Ever tried a Freedom of Information Act (FOIA) request? Strange as it may seem, that apparently works in the State of Washington.
The size of the U-M undertaking is staggering. It involves the use of new technology developed by Google that greatly speeds the digitizing process. Without that technology -- which Google won't discuss in detail -- the task would be impossible, says John Wilkin, the U-M associate librarian who is heading the project.
"Going as fast as we can with the traditional means of doing this, it would take us about 1,600 years to do all 7 million volumes," he said. "Google will do it in six years."
Under the agreement, the library will get a digital copy of every book scanned. With those copies, the library can prepare special research projects, virtual exhibitions and more relevant scholarly and academic material for its students and faculty.
"If we were to do this job ourselves, it would probably cost us $600 million," Wilkin said. "That's just the human cost of preparing the material for scanning, packing it up and sending it out to vendors and then quality-control checking of the results. This is easily a billion-dollar effort."
Items will start appearing in 2005 with completion predicted for 2010. Can you imagine how many libraries there are out there? The information that could be gathered seems endless. I'm guessing they'll come up with a good way to detect duplicates in future libraries, but as anyone who has wandered through a University library knows there are a LOT of shady books that seem like they haven't been widely published and there are a LOT of things that were self published by academics in the University itself (theses, postdoc research, etc).
No; the reason there are so few copies is there are so few people who want to read specialized journals. And the small audience only accounts for a small part of what many academic journals charge.
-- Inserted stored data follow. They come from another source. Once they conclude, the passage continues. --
text \<open>
  Only the axioms of a non-archimedean absolute value are used.

  For \<open>f = (a, b)\<close> and \<open>g = (c, e)\<close> we have \<open>g\<inverse> \<circ> f = (a / c, (b - e) / c)\<close>, so
  \<open>d f g = max \<bar>a - c\<bar> \<bar>b - e\<bar> / \<bar>c\<bar>\<close> when \<open>\<bar>a\<bar> = \<bar>c\<bar>\<close> and \<open>\<bar>b - e\<bar> \<le> \<bar>c\<bar>\<close>, and \<open>d f g = t\<close>
  otherwise. This formula is symmetric in \<open>f, g\<close>, which gives \<open>L'(f\<inverse>) = L'(f)\<close> by taking
  \<open>g = id\<close>. On \<open>A\<^sup>*(\<int>\<^sub>p)\<close> the identity \<open>ac - 1 = a(c - 1) + (a - 1)\<close> and the ultrametric
  inequality give \<open>L(f \<circ> g) \<le> max (L f) (L g)\<close>, and outside it \<open>L' = t \<ge> 1 \<ge> L\<close>; the strong
  triangle inequality for \<open>d\<close> follows from \<open>h\<inverse>f = (h\<inverse>g)(g\<inverse>f)\<close>. Finally, perturbing
  \<open>(a, b)\<close> by less than \<open>\<bar>a\<bar>\<close> does not change \<open>\<bar>a\<bar>\<close>, so near \<open>f\<close> the metric \<open>d\<close> is the
  coefficient max-metric scaled by \<open>1 / \<bar>a\<bar>\<close>; small balls of the two metrics are therefore
  nested in each other, and the max-metric is equivalent to the product metric.
\<close>

lemma openin_mtopology_if_mball_nested:
  assumes "Metric_space M d1" "Metric_space M d2"
    and "\<And>x r. x \<in> M \<Longrightarrow> r > 0 \<Longrightarrow> \<exists>s>0. Metric_space.mball M d2 x s \<subseteq> Metric_space.mball M d1 x r"
    and "openin (Metric_space.mtopology M d1) U"
  shows "openin (Metric_space.mtopology M d2) U"
proof -
  interpret M1: Metric_space M d1 by fact
  interpret M2: Metric_space M d2 by fact
  have "U \<subseteq> M" and balls: "\<And>x. x \<in> U \<Longrightarrow> \<exists>r>0. M1.mball x r \<subseteq> U"
    using assms(4) M1.openin_mtopology by auto
  have "\<exists>s>0. M2.mball x s \<subseteq> U" if "x \<in> U" for x
  proof -
    obtain r where "r > 0" "M1.mball x r \<subseteq> U"
      using balls \<open>x \<in> U\<close> by blast
    moreover obtain s where "s > 0" "M2.mball x s \<subseteq> M1.mball x r"
      using assms(3) \<open>U \<subseteq> M\<close> \<open>x \<in> U\<close> \<open>r > 0\<close> by blast
    ultimately show ?thesis
      by blast
  qed
  with \<open>U \<subseteq> M\<close> show ?thesis
    unfolding M2.openin_mtopology by blast
qed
No; the problem is not overhead costs or small audiences. The problem is that the owners of much of that kind of content are greedy bastards. There is no reason for the outrageous price of some journals. Some scientific journal subscriptions are in the tens of thousands; even many liberal arts journals are far from cheap. And if you want to copy an article for your students to buy at kinkos, expect them to pay 35 cents a page or more for the copyrights alone.
And many of them are worse than the RIAA in terms of access to content electronically. Journal articles are included in databases sold to some universities You can read articles in some databases but only by loading a .gif of every page one at a time. No copy and paste, no text access at all. So much technology going into preventing the thing from being copied that the online version is actually less useful than the dead tree version rotting on the shelf.
I think this is a great move by Google and Harvard, and I like the idea behind google scholar, but I expect this kind of work to be resisted by many of journals and professional organizations, to the extent that they have in a say in it. This will be a huge boon in terms of the availability of public domain resources, but unfortunately outdated perspectives on intellectual property are likely to hold back real progress for something really useful to scholars in a systematic way. At least until those perspectives change significantly.
Yep, fell foul of this one the other day. The National Library of Wales happens to be situated in Aberystwyth, on the same hill as the University. (Which, by the way, is a bitch to climb in the mornings... do not apply for sea-front residences unless you are sure of your fitness!) Aaaaanyway, as the librarian there tactfully explained to me: one hell of a lot of books are published every year, and there's only so much space in the place... and they like to have a Welsh Language copy too!
Tomorrow, I may eat another house plant
Worth noting that this project is putting a LOT of people out of work. Literally, they are laying off almost their entire library staff (I know a few..). Wonder if that'll be in the FAQ?